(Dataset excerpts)
■ ■ ■
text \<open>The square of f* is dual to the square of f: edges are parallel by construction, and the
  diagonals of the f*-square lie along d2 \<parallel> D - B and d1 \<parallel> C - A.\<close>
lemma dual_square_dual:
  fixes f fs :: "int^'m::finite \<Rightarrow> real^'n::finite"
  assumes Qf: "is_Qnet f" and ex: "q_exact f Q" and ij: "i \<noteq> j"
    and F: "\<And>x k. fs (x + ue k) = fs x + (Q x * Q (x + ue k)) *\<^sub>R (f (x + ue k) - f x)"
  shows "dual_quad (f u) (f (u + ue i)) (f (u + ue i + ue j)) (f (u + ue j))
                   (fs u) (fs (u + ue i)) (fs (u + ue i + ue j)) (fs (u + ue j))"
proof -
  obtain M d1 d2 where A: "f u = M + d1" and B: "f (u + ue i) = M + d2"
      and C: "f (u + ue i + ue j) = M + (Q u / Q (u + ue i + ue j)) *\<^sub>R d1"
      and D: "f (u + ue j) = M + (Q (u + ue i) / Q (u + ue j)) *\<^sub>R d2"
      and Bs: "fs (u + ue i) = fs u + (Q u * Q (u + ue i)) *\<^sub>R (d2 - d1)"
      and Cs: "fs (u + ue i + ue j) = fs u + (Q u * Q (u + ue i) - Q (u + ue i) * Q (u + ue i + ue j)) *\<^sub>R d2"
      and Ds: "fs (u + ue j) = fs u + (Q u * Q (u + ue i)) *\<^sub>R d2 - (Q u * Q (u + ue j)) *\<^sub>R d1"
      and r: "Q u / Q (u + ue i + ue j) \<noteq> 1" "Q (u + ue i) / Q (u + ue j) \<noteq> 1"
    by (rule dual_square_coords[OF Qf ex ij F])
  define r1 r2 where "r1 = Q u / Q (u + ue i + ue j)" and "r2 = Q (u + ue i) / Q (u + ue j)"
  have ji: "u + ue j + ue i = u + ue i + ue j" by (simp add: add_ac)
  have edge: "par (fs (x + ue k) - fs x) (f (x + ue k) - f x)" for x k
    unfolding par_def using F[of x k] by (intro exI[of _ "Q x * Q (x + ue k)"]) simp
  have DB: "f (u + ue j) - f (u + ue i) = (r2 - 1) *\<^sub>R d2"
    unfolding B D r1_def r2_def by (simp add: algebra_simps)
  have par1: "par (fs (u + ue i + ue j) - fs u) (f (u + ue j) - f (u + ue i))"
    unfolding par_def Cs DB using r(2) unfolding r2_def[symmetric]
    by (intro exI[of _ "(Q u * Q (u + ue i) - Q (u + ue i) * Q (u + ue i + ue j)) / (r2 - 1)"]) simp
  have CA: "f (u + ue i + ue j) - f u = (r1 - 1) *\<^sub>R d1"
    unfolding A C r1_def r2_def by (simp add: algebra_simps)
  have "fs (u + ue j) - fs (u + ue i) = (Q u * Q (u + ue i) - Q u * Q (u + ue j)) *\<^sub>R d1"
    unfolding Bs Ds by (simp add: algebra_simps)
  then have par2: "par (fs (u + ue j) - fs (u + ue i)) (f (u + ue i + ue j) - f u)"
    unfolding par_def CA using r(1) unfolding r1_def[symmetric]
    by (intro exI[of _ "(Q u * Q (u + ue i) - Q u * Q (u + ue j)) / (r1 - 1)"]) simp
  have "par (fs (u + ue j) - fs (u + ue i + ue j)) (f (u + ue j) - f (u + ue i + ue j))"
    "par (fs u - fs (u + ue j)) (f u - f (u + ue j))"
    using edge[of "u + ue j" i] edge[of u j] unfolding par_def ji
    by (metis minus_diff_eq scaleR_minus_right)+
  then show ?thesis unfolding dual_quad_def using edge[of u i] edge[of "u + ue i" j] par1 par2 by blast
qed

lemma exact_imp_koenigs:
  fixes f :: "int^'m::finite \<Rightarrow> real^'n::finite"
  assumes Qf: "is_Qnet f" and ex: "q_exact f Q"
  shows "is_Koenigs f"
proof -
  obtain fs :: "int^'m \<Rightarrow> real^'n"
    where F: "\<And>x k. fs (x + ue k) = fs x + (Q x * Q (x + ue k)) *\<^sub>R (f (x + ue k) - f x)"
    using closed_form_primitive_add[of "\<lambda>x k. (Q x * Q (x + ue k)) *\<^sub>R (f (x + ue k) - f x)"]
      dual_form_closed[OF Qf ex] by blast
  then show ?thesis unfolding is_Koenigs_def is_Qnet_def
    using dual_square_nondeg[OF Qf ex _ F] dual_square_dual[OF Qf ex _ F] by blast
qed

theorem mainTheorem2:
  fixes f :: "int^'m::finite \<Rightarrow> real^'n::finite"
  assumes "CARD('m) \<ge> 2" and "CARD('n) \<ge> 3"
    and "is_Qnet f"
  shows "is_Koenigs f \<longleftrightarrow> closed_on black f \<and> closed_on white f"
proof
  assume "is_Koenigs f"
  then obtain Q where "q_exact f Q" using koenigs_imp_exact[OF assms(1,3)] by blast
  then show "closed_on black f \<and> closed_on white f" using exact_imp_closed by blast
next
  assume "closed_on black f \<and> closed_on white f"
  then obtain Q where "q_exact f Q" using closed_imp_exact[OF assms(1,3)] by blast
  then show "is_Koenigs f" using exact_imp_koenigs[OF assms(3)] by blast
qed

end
■ ■ ■
- **Work instructions**:
Could you restate the records above word for word?

- **Exercise result**:
text \<open>The square of f* is dual to the square of f: edges are parallel by construction, and the
  diagonals of the f*-square lie along d2 \<parallel> D - B and d1 \<parallel> C - A.\<close>
lemma dual_square_dual:
  fixes f fs :: "int^'m::finite \<Rightarrow> real^'n::finite"
  assumes Qf: "is_Qnet f" and ex: "q_exact f Q" and ij: "i \<noteq> j"
    and F: "\<And>x k. fs (x + ue k) = fs x + (Q x * Q (x + ue k)) *\<^sub>R (f (x + ue k) - f x)"
  shows "dual_quad (f u) (f (u + ue i)) (f (u + ue i + ue j)) (f (u + ue j))
                   (fs u) (fs (u + ue i)) (fs (u + ue i + ue j)) (fs (u + ue j))"
proof -
  obtain M d1 d2 where A: "f u = M + d1" and B: "f (u + ue i) = M + d2"
      and C: "f (u + ue i + ue j) = M + (Q u / Q (u + ue i + ue j)) *\<^sub>R d1"
      and D: "f (u + ue j) = M + (Q (u + ue i) / Q (u + ue j)) *\<^sub>R d2"
      and Bs: "fs (u + ue i) = fs u + (Q u * Q (u + ue i)) *\<^sub>R (d2 - d1)"
      and Cs: "fs (u + ue i + ue j) = fs u + (Q u * Q (u + ue i) - Q (u + ue i) * Q (u + ue i + ue j)) *\<^sub>R d2"
      and Ds: "fs (u + ue j) = fs u + (Q u * Q (u + ue i)) *\<^sub>R d2 - (Q u * Q (u + ue j)) *\<^sub>R d1"
      and r: "Q u / Q (u + ue i + ue j) \<noteq> 1" "Q (u + ue i) / Q (u + ue j) \<noteq> 1"
    by (rule dual_square_coords[OF Qf ex ij F])
  define r1 r2 where "r1 = Q u / Q (u + ue i + ue j)" and "r2 = Q (u + ue i) / Q (u + ue j)"
  have ji: "u + ue j + ue i = u + ue i + ue j" by (simp add: add_ac)
  have edge: "par (fs (x + ue k) - fs x) (f (x + ue k) - f x)" for x k
    unfolding par_def using F[of x k] by (intro exI[of _ "Q x * Q (x + ue k)"]) simp
  have DB: "f (u + ue j) - f (u + ue i) = (r2 - 1) *\<^sub>R d2"
    unfolding B D r1_def r2_def by (simp add: algebra_simps)
  have par1: "par (fs (u + ue i + ue j) - fs u) (f (u + ue j) - f (u + ue i))"
    unfolding par_def Cs DB using r(2) unfolding r2_def[symmetric]
    by (intro exI[of _ "(Q u * Q (u + ue i) - Q (u + ue i) * Q (u + ue i + ue j)) / (r2 - 1)"]) simp
  have CA: "f (u + ue i + ue j) - f u = (r1 - 1) *\<^sub>R d1"
    unfolding A C r1_def r2_def by (simp add: algebra_simps)
  have "fs (u + ue j) - fs (u + ue i) = (Q u * Q (u + ue i) - Q u * Q (u + ue j)) *\<^sub>R d1"
    unfolding Bs Ds by (simp add: algebra_simps)
  then have par2: "par (fs (u + ue j) - fs (u + ue i)) (f (u + ue i + ue j) - f u)"
    unfolding par_def CA using r(1) unfolding r1_def[symmetric]
    by (intro exI[of _ "(Q u * Q (u + ue i) - Q u * Q (u + ue j)) / (r1 - 1)"]) simp
  have "par (fs (u + ue j) - fs (u + ue i + ue j)) (f (u + ue j) - f (u + ue i + ue j))"
    "par (fs u - fs (u + ue j)) (f u - f (u + ue j))"
    using edge[of "u + ue j" i] edge[of u j] unfolding par_def ji
    by (metis minus_diff_eq scaleR_minus_right)+
  then show ?thesis unfolding dual_quad_def using edge[of u i] edge[of "u + ue i" j] par1 par2 by blast
qed

lemma exact_imp_koenigs:
  fixes f :: "int^'m::finite \<Rightarrow> real^'n::finite"
  assumes Qf: "is_Qnet f" and ex: "q_exact f Q"
  shows "is_Koenigs f"
proof -
  obtain fs :: "int^'m \<Rightarrow> real^'n"
    where F: "\<And>x k. fs (x + ue k) = fs x + (Q x * Q (x + ue k)) *\<^sub>R (f (x + ue k) - f x)"
    using closed_form_primitive_add[of "\<lambda>x k. (Q x * Q (x + ue k)) *\<^sub>R (f (x + ue k) - f x)"]
      dual_form_closed[OF Qf ex] by blast
  then show ?thesis unfolding is_Koenigs_def is_Qnet_def
    using dual_square_nondeg[OF Qf ex _ F] dual_square_dual[OF Qf ex _ F] by blast
qed

theorem mainTheorem2:
  fixes f :: "int^'m::finite \<Rightarrow> real^'n::finite"
  assumes "CARD('m) \<ge> 2" and "CARD('n) \<ge> 3"
    and "is_Qnet f"
  shows "is_Koenigs f \<longleftrightarrow> closed_on black f \<and> closed_on white f"
proof
  assume "is_Koenigs f"
  then obtain Q where "q_exact f Q" using koenigs_imp_exact[OF assms(1,3)] by blast
  then show "closed_on black f \<and> closed_on white f" using exact_imp_closed by blast
next
  assume "closed_on black f \<and> closed_on white f"
  then obtain Q where "q_exact f Q" using closed_imp_exact[OF assms(1,3)] by blast
  then show "is_Koenigs f" using exact_imp_koenigs[OF assms(3)] by blast
qed

end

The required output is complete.